[Opening Data for processing section]

(* Let $F$ be an isotropic random field on $\mathcal S^N$ that is almost surely continuous, and let $\mathbf n=(\sqrt N,0,\dots,0)$. Suppose: (1) for every $c>0$ there is $c_1(c)>0$ such that for every $\delta>0$, $\mathbb P(|F(\mathbf n)-\mathbb E F(\mathbf n)|\ge cN^{1/2+\delta})\lesssim e^{-c_1N^{1+2\delta}}$; (2) there is $\alpha>0$ and for every $c>0$ a $c_2(c)>0$ such that for every $\delta>0$, $\mathbb P(\sup_{x,y:R(x,y)\ge1-N^{-\alpha}}|F(x)-F(y)|\ge cN^{1/2+\delta})\lesssim e^{-c_2N^{1+2\delta}}$. Then for every $c>0$ there is $f(c)>0$ (depending on $c_1,c_2$) such that for every $\delta>0$, $\mathbb P(\sup_{x\in\mathcal S^N}|F(x)-\mathbb E F(\mathbf n)|\ge cN^{1/2+\delta})\lesssim e^{-f(c)N^{1+2\delta}}$. Moreover, if $F\ge0$ almost surely, $\mathbb EF(\mathbf n)=O(\sqrt N)$, (1) holds, and (2) is replaced by (2'): there is $\alpha>0$ and for every $c>0$ a $c_2(c)>0$ such that for every $\delta>0$, $\mathbb P(\sup_{x,y:R(x,y)\ge1-N^{-\alpha}}|F^2(x)-F^2(y)|\ge cN^{1+2\delta})\lesssim e^{-c_2N^{1+2\delta}}$, then for every $c>0$ there is $f(c)>0$ such that for every $\delta>0$, $\mathbb P(\sup_{x\in\mathcal S^N}F(x)\ge cN^{1/2+\delta})\lesssim e^{-f(c)N^{1+2\delta}}$.
   Context: $\mathcal S^N=\{x\in\mathbb R^N:\sum x_i^2=N\}$; $R(x,y)=\frac1N\sum_ix_iy_i$ is the normalized overlap. A random field on $\mathcal S^N$ is isotropic if its law is invariant under orthogonal transformations of $\mathbb R^N$. The symbol $\lesssim$ means inequality up to a constant independent of $N$. *)

theory Defs
  imports "HOL-Probability.Probability"
begin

[Closing Data for processing section]

_About this task_: Write out an exact copy of every record shown above.

_Result for this exercise_:
(* Let $F$ be an isotropic random field on $\mathcal S^N$ that is almost surely continuous, and let $\mathbf n=(\sqrt N,0,\dots,0)$. Suppose: (1) for every $c>0$ there is $c_1(c)>0$ such that for every $\delta>0$, $\mathbb P(|F(\mathbf n)-\mathbb E F(\mathbf n)|\ge cN^{1/2+\delta})\lesssim e^{-c_1N^{1+2\delta}}$; (2) there is $\alpha>0$ and for every $c>0$ a $c_2(c)>0$ such that for every $\delta>0$, $\mathbb P(\sup_{x,y:R(x,y)\ge1-N^{-\alpha}}|F(x)-F(y)|\ge cN^{1/2+\delta})\lesssim e^{-c_2N^{1+2\delta}}$. Then for every $c>0$ there is $f(c)>0$ (depending on $c_1,c_2$) such that for every $\delta>0$, $\mathbb P(\sup_{x\in\mathcal S^N}|F(x)-\mathbb E F(\mathbf n)|\ge cN^{1/2+\delta})\lesssim e^{-f(c)N^{1+2\delta}}$. Moreover, if $F\ge0$ almost surely, $\mathbb EF(\mathbf n)=O(\sqrt N)$, (1) holds, and (2) is replaced by (2'): there is $\alpha>0$ and for every $c>0$ a $c_2(c)>0$ such that for every $\delta>0$, $\mathbb P(\sup_{x,y:R(x,y)\ge1-N^{-\alpha}}|F^2(x)-F^2(y)|\ge cN^{1+2\delta})\lesssim e^{-c_2N^{1+2\delta}}$, then for every $c>0$ there is $f(c)>0$ such that for every $\delta>0$, $\mathbb P(\sup_{x\in\mathcal S^N}F(x)\ge cN^{1/2+\delta})\lesssim e^{-f(c)N^{1+2\delta}}$.
   Context: $\mathcal S^N=\{x\in\mathbb R^N:\sum x_i^2=N\}$; $R(x,y)=\frac1N\sum_ix_iy_i$ is the normalized overlap. A random field on $\mathcal S^N$ is isotropic if its law is invariant under orthogonal transformations of $\mathbb R^N$. The symbol $\lesssim$ means inequality up to a constant independent of $N$. *)

theory Defs
  imports "HOL-Probability.Probability"
begin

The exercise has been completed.